Continuous case (pm="c"): counts(i) elements of

`X`

belong to the interval`Ik`

as defined above (see the`bins`

parameter). Elements of`X`

just equal to bins(1) are included in counts(1).`counts`

has the size of`bins`

- 1Discrete case (pm="d"):

`counts(i)`

elements of`X`

are equal to`bins(i)`

- outside
Total number of X entries belonging to none of the

`bins`

.

### Description

For each `X(i)`

entry, `dsearch`

locates the value `bins(j)`

or the interval `(bins(j), bins(j+1)]`

defined by `bins`

and containing or equal to `X(i)`

. Then it returns `i_bin(i) = j`

or 0 whether no bin equals or contains it. (the first interval includes `bins(1)`

). The population of each bin is returned through `counts`

. The total number of unbinned entries is returned in `outside`

(therefore `outside = sum(bool2s(i_bin==0))`

).

`dsearch(..)`

can be overloaded.
The default pm="c" option can be used to compute the empirical histogram of a function given a dataset.

### Examples

// DISCRETE values of TEXT // ----------------------- i = grand(4,6,"uin",0,7)+97; T = matrix(strsplit(ascii(i),1:length(i)-1), size(i)); T(T=="f") = "#"; T(T=="a") = "AA"; T bins = [ strsplit(ascii(97+(7:-1:0)),1:7)' "AA"] [i_bin, counts, outside] = dsearch(T, bins, "d") // BINNING TEXTS in LEXICOGRAPHIC INTERVALS // ---------------------------------------- // generating a random matrix of text nL = 3; nC = 5; L = 3; s = ascii(grand(1,nL*nC*L,"uin",0,25)+97); T = matrix(strsplit(s, L:L:nL*nC*L-1), nL, nC); // generating random bins bounds L = 2; nC = 6; s = ascii(grand(1,nC*L,"uin",0,25)+97); bins = unique(matrix(strsplit(s, L:L:nC*L-1), 1, nC)) T [i_bin, counts, outside] = dsearch(T, bins)

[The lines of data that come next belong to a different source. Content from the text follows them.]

lemma qa_pool_exists:
  assumes "convex_exposure D g" and "\<forall>i\<in>{1..m}. P i \<in> D"
    and "\<forall>i\<in>{1..m}. 0 \<le> w i" and "(\<Sum>i\<in>{1..m}. w i) = 1"
  shows "\<exists>q. qa_pool D g m P w q"
proof -
  let ?C = "{g p + c *\<^sub>R vec 1 | p c. p \<in> D}"
  have "g (P i) \<in> ?C" if "i \<in> {1..m}" for i
    using assms(2) that by force
  then have "(\<Sum>i\<in>{1..m}. w i *\<^sub>R g (P i)) \<in> ?C"
    using assms(1,3,4) unfolding convex_exposure_def by (intro convex_sum) auto
  then obtain p c where "p \<in> D" and "(\<Sum>i\<in>{1..m}. w i *\<^sub>R g (P i)) = g p + c *\<^sub>R vec 1"
    by blast
  then have "qa_pool D g m P w p"
    unfolding qa_pool_def by (auto intro!: exI[of _ "-c"])
  then show ?thesis ..
qed

theorem proposition4p3:
  fixes D :: "(real^'n) set"
    and s :: "real^'n \<Rightarrow> 'n \<Rightarrow> real"
    and g :: "real^'n \<Rightarrow> real^'n"
    and m :: nat and P :: "nat \<Rightarrow> real^'n" and w :: "nat \<Rightarrow> real"
  assumes "forecast_domain D"
    and "proper_scoring_rule D s"
    and "continuous_scoring_rule D s"
    and "is_exposure D s g"
    and "convex_exposure D g"
    and "\<forall>i\<in>{1..m}. P i \<in> D"
    and "\<forall>i\<in>{1..m}. 0 \<le> w i"
    and "(\<Sum>i\<in>{1..m}. w i) = 1"
  shows "(\<exists>!q. qa_pool D g m P w q)
    \<and> (\<forall>q. qa_pool D g m P w q \<longrightarrow>
          (\<forall>x\<in>D. x \<noteq> q \<longrightarrow>
             (\<Sum>i\<in>{1..m}. w i * bregman s g q (P i)) < (\<Sum>i\<in>{1..m}. w i * bregman s g x (P i))))"
proof -
  have "convex D" and "D \<subseteq> std_simplex"
    using assms(1) unfolding forecast_domain_def by auto
  have minimizer: "(\<Sum>i\<in>{1..m}. w i * bregman s g q (P i)) < (\<Sum>i\<in>{1..m}. w i * bregman s g x (P i))"
    if q: "qa_pool D g m P w q" and "x \<in> D" and "x \<noteq> q" for q x
    using weighted_bregman_qa_pool_decomp[OF q \<open>D \<subseteq> std_simplex\<close> \<open>x \<in> D\<close> assms(8)]
      bregman_pos[OF \<open>convex D\<close> assms(2,4) _ \<open>x \<in> D\<close> \<open>x \<noteq> q\<close>] q
    unfolding qa_pool_def by simp
  have "q = q'" if "qa_pool D g m P w q" and "qa_pool D g m P w q'" for q q'
    using minimizer[OF that(1)] minimizer[OF that(2)] that unfolding qa_pool_def by force
  then show ?thesis
    using qa_pool_exists[OF assms(5-8)] minimizer by blast
qed

end
(* Let $F$ be a field with $\operatorname{char}F\ne2$, let $a,b\in F$ with $E=F(\sqrt a,\sqrt b)$ satisfying $[E:F]=4$. Suppose there exist (in a fixed algebraic closure of $F$) a Galois extension $D^{a,b}$ of $F$ with $E\subseteq D^{a,b}$, $\operatorname{Gal}(D^{a,b}/F)\cong D$ and $\operatorname{Gal}(D^{a,b}/F(\sqrt{ab}))\cong C$, and a cyclic quartic extension $C^a$ of $F$ with $F(\sqrt a)\subseteq C^a$. Let $K$ be the composite $D^{a,b}C^a$. Then $K/F$ is Galois and $\operatorname{Gal}(K/F)\cong D\curlywedge C$.
   Context: $D$ is the dihedral group of order 8, $C$ the cyclic group of order 4. $D\curlywedge C$ is the pullback of a homomorphism $\lambda:D\to\mathbb Z/2\mathbb Z$ with kernel isomorphic to $\mathbb Z/2\times\mathbb Z/2$ and the nontrivial homomorphism $\eta:C\to\mathbb Z/2\mathbb Z$: $D\curlywedge C=\{(u,v)\in D\times C:\lambda(u)=\eta(v)\}$, of order 16. *)

theory Defs
  imports "HOL-Algebra.Elementary_Groups" "HOL-Computational_Algebra.Polynomial"
begin

definition is_subfield :: "'a::field set \<Rightarrow> bool" where
  "is_subfield K \<longleftrightarrow> 0 \<in> K \<and> 1 \<in> K \<and>
     (\<forall>x\<in>K. \<forall>y\<in>K. x + y \<in> K \<and> x * y \<in> K) \<and>
     (\<forall>x\<in>K. - x \<in> K) \<and> (\<forall>x\<in>K. x \<noteq> 0 \<longrightarrow> inverse x \<in> K)"

text \<open>Smallest subfield containing F and S, i.e. F(S); composita are adjoin K L.\<close>
definition adjoin :: "'a::field set \<Rightarrow> 'a set \<Rightarrow> 'a set" where
  "adjoin F S = \<Inter> {L. is_subfield L \<and> F \<union> S \<subseteq> L}"

definition algebraic_over :: "'a::field set \<Rightarrow> 'a \<Rightarrow> bool" where
  "algebraic_over F x \<longleftrightarrow> (\<exists>p. p \<noteq> 0 \<and> (\<forall>i. coeff p i \<in> F) \<and> poly p x = 0)"

definition ext_degree :: "'a::field set \<Rightarrow> 'a set \<Rightarrow> nat \<Rightarrow> bool" where
  "ext_degree F E n \<longleftrightarrow> (\<exists>B. finite B \<and> card B = n \<and> B \<subseteq> E \<and>
     (\<forall>c. (\<forall>x\<in>B. c x \<in> F) \<and> (\<Sum>x\<in>B. c x * x) = 0 \<longrightarrow> (\<forall>x\<in>B. c x = 0)) \<and>
     (\<forall>y\<in>E. \<exists>c. (\<forall>x\<in>B. c x \<in> F) \<and> y = (\<Sum>x\<in>B. c x * x)))"

definition gal_group :: "'a::field set \<Rightarrow> 'a set \<Rightarrow> ('a \<Rightarrow> 'a) monoid" where
  "gal_group K F = \<lparr>carrier = {\<sigma>. bij_betw \<sigma> K K \<and>
        (\<forall>x\<in>K. \<forall>y\<in>K. \<sigma> (x + y) = \<sigma> x + \<sigma> y \<and> \<sigma> (x * y) = \<sigma> x * \<sigma> y) \<and>
        (\<forall>x\<in>F. \<sigma> x = x) \<and> (\<forall>x. x \<notin> K \<longrightarrow> \<sigma> x = x)},
     monoid.mult = (\<lambda>\<sigma> \<tau>. \<sigma> \<circ> \<tau>), one = id\<rparr>"

definition fixed_field :: "'a::field set \<Rightarrow> 'a set \<Rightarrow> 'a set" where
  "fixed_field K F = {x\<in>K. \<forall>\<sigma>\<in>carrier (gal_group K F). \<sigma> x = x}"

definition galois :: "'a::field set \<Rightarrow> 'a set \<Rightarrow> bool" where
  "galois F K \<longleftrightarrow> is_subfield F \<and> is_subfield K \<and> F \<subseteq> K \<and>
     (\<exists>n. ext_degree F K n) \<and> fixed_field K F = F"

text \<open>Dihedral group of order 8: pairs (i,s), i mod 4 rotation, s mod 2 reflection,
  (i,s)(j,t) = (i + (-1)^s j, s + t).\<close>
definition dihedral8 :: "(int \<times> int) monoid" where
  "dihedral8 = \<lparr>carrier = {0..<4} \<times> {0..<2},
     monoid.mult = (\<lambda>(i,s) (j,t). ((i + (if s = 0 then j else - j)) mod 4, (s + t) mod 2)),
     one = (0, 0)\<rparr>"

abbreviation cyclic4 :: "int monoid" where
  "cyclic4 \<equiv> integer_mod_group 4"

text \<open>\<lambda> : D \<rightarrow> Z/2 with kernel {(0,0),(2,0),(0,1),(2,1)} \<cong> Z/2 \<times> Z/2,
  \<eta> : C \<rightarrow> Z/2 the nontrivial homomorphism (values in {0,1} = Z/2).\<close>
definition lambdaD :: "int \<times> int \<Rightarrow> int" where
  "lambdaD u = fst u mod 2"

definition etaC :: "int \<Rightarrow> int" where
  "etaC v = v mod 2"

definition pullback :: "('a, 'c) monoid_scheme \<Rightarrow> ('b, 'd) monoid_scheme \<Rightarrow>
    ('a \<Rightarrow> 'e) \<Rightarrow> ('b \<Rightarrow> 'e) \<Rightarrow> ('a \<times> 'b) monoid" where
  "pullback G H l e = \<lparr>carrier = {(u, v). u \<in> carrier G \<and> v \<in> carrier H \<and> l u = e v},
     monoid.mult = (\<lambda>(u, v) (u', v'). (u \<otimes>\<^bsub>G\<^esub> u', v \<otimes>\<^bsub>H\<^esub> v')),
     one = (\<one>\<^bsub>G\<^esub>, \<one>\<^bsub>H\<^esub>)\<rparr>"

In the following example, we consider 3 intervals `I1 = [5,11]`

,
`I2 = (11,15]`

and `I3 = (15,20]`

.
We are looking for the location of the entries of `X = [11 13 1 7 5 2 9]`

in these intervals.

[i_bin, counts, outside] = dsearch([11 13 1 7 5 2 9], [5 11 15 20])

Displayed output:

-->[i_bin, counts, outside] = dsearch([11 13 1 7 5 2 9], [5 11 15 20]) outside = 2. counts = 4. 1. 0. i_bin = 1. 2. 0. 1. 1. 0. 1.

Indeed,

X(1)=11 is in the interval I1, hence i_bin(1)=1.

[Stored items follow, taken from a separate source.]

lemma three_chord:
  assumes "0 \<le> a" "a < b" "b < c" "c \<le> 1"
  shows "slope a b \<le> slope a c" "slope a c \<le> slope b c"
proof -
  have mono: "slope a b \<le> slope b c" by (rule slope_mono[OF assms])
  have "(b - a) * slope a b = U b - U a" and "(c - b) * slope b c = U c - U b"
    using assms by (simp_all add: slope_def)
  then have convex_comb: "slope a c = ((b - a) * slope a b + (c - b) * slope b c) / (c - a)"
    by (simp add: slope_def)
  have "(c - a) * slope a b \<le> (b - a) * slope a b + (c - b) * slope b c"
    using mult_left_mono[OF mono, of "c - b"] assms by (simp add: algebra_simps)
  then show "slope a b \<le> slope a c"
    unfolding convex_comb using assms by (simp add: field_simps)
  have "(b - a) * slope a b + (c - b) * slope b c \<le> (c - a) * slope b c"
    using mult_left_mono[OF mono, of "b - a"] assms by (simp add: algebra_simps)
  then show "slope a c \<le> slope b c"
    unfolding convex_comb using assms by (simp add: field_simps)
qed

lemma slope_0: "0 < a \<Longrightarrow> slope 0 a = r a"
  by (simp add: slope_def r_def U_0)

lemma r_mono:
  assumes "0 < a" "a \<le> b" "b \<le> 1"
  shows "r a \<le> r b"
  using three_chord(1)[of 0 a b] assms by (cases "a = b") (auto simp: slope_0)

lemma U_pos:
  assumes "0 < y" "y \<le> 1"
  shows "0 < U y"
proof -
  obtain b where b: "b > 0" "\<And>y. y > 0 \<Longrightarrow> y < b \<Longrightarrow> L y > 0"
    using L_slowly_varying unfolding slowly_varying_at_0_def eventually_at_right_field by auto
  define a where "a = min (b/2) y"
  have a: "0 < a" "a < b" "a \<le> y" using b assms by (auto simp: a_def)
  have "0 < r a" using U_eq_powr[of a] b(2)[OF a(1,2)] a assms by (simp add: r_def)
  also have "\<dots> \<le> r y" by (rule r_mono) (use a assms in auto)
  finally show ?thesis using assms by (simp add: r_def zero_less_divide_iff)
qed

lemma r_pos: "0 < y \<Longrightarrow> y \<le> 1 \<Longrightarrow> 0 < r y"
  using U_pos by (simp add: r_def)

lemma U_strict_mono:
  assumes "0 \<le> a" "a < b" "b \<le> 1"
  shows "U a < U b"
proof (cases "a = 0")
  case False
  then have "0 < r a" using r_pos assms by simp
  also have "r a = slope 0 a" using False assms by (simp add: slope_0)
  also have "\<dots> \<le> slope 0 b" using three_chord(1)[of 0 a b] False assms by simp
  also have "\<dots> \<le> slope a b" using three_chord(2)[of 0 a b] False assms by simp
  finally show ?thesis using assms by (simp add: slope_def zero_less_divide_iff)
qed (use U_pos[of b] assms in \<open>simp add: U_0\<close>)

lemma U_mono: "0 \<le> a \<Longrightarrow> a \<le> b \<Longrightarrow> b \<le> 1 \<Longrightarrow> U a \<le> U b"
  using U_strict_mono[of a b] by (cases "a = b") auto

lemma U_le_f_0:
  assumes "0 \<le> y" "y \<le> 1"
  shows "U y \<le> f 0 * y"
proof (cases "y = 0")
  case False
  then have "r y \<le> r 1" using assms by (intro r_mono) auto
  then show ?thesis using False assms by (simp add: r_def U_def field_simps)
qed (simp add: U_0)

lemma U_regularly_varying:
  assumes c: "0 < c"
  shows "((\<lambda>y. U (c * y) / U y) \<longlongrightarrow> c powr (1 + \<alpha>)) (at_right 0)"
proof -
  have "((\<lambda>y. L (c * y) / L y) \<longlongrightarrow> 1) (at_right 0)"
    using L_slowly_varying c unfolding slowly_varying_at_0_def by auto
  from tendsto_mult_left[OF this, of "c powr (1 + \<alpha>)"]
  have "((\<lambda>y. c powr (1 + \<alpha>) * (L (c * y) / L y)) \<longlongrightarrow> c powr (1 + \<alpha>)) (at_right 0)"
    by simp
  moreover have "eventually (\<lambda>y. 0 < y \<and> y < min 1 (1/c)) (at_right (0::real))"
    unfolding eventually_at_right_field using c by (intro exI[of _ "min 1 (1/c)"]) auto
  then have "eventually (\<lambda>y. c powr (1 + \<alpha>) * (L (c * y) / L y) = U (c * y) / U y) (at_right 0)"
  proof eventually_elim
    case (elim y)
    then have "0 \<le> c * y" "c * y \<le> 1" using c by (auto simp: field_simps)
    then show ?case
      using U_eq_powr[of "c * y"] U_eq_powr[of y] elim by (simp add: powr_mult field_simps)
  qed
  ultimately show ?thesis by (rule Lim_transform_eventually)
qed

X(2)=13 is in the interval I2, hence i_bin(2)=2.

X(3)=1 belongs to none of defined intervals, hence i_bin(3)=0.

X(4)=7 is in the interval I1, hence i_bin(4)=1.

...

There are four X entries (5, 7, 9 and 11) in I1, hence counts(1)=4.

There is only one X entry (13) in I2, hence counts(2)=1.

There is no X entry in I3, hence counts(3)=0.

There are two X entries (i.e. 1, 2) which belong to none of defined intervals, hence outside=2.

// Numbers in DISCRETE categories (having specific values) // ------------------------------ [i_bin, counts, outside] = dsearch([11 13 1 7 5 2 9], [5 11 15 20],"d" )

displays

-->[i_bin, counts, outside] = dsearch([11 13 1 7 5 2 9], [5 11 15 20], "d" ) outside = 5. counts = 1. 1. 0. 0. i_bin = 2. 0. 0. 0. 1. 0. 0.

Indeed,

X(1)=11 is in the set

`bins`

at position #2, hence i_bin(1)=2.X(2)=13 is not in the set

`bins`

, hence i_bin(2)=0....

X(7)=9 is not in the set

`bins`

, hence i_bin(7)=0.There is only one entry X (i.e. 5) equal to 5, hence counts(1)=1.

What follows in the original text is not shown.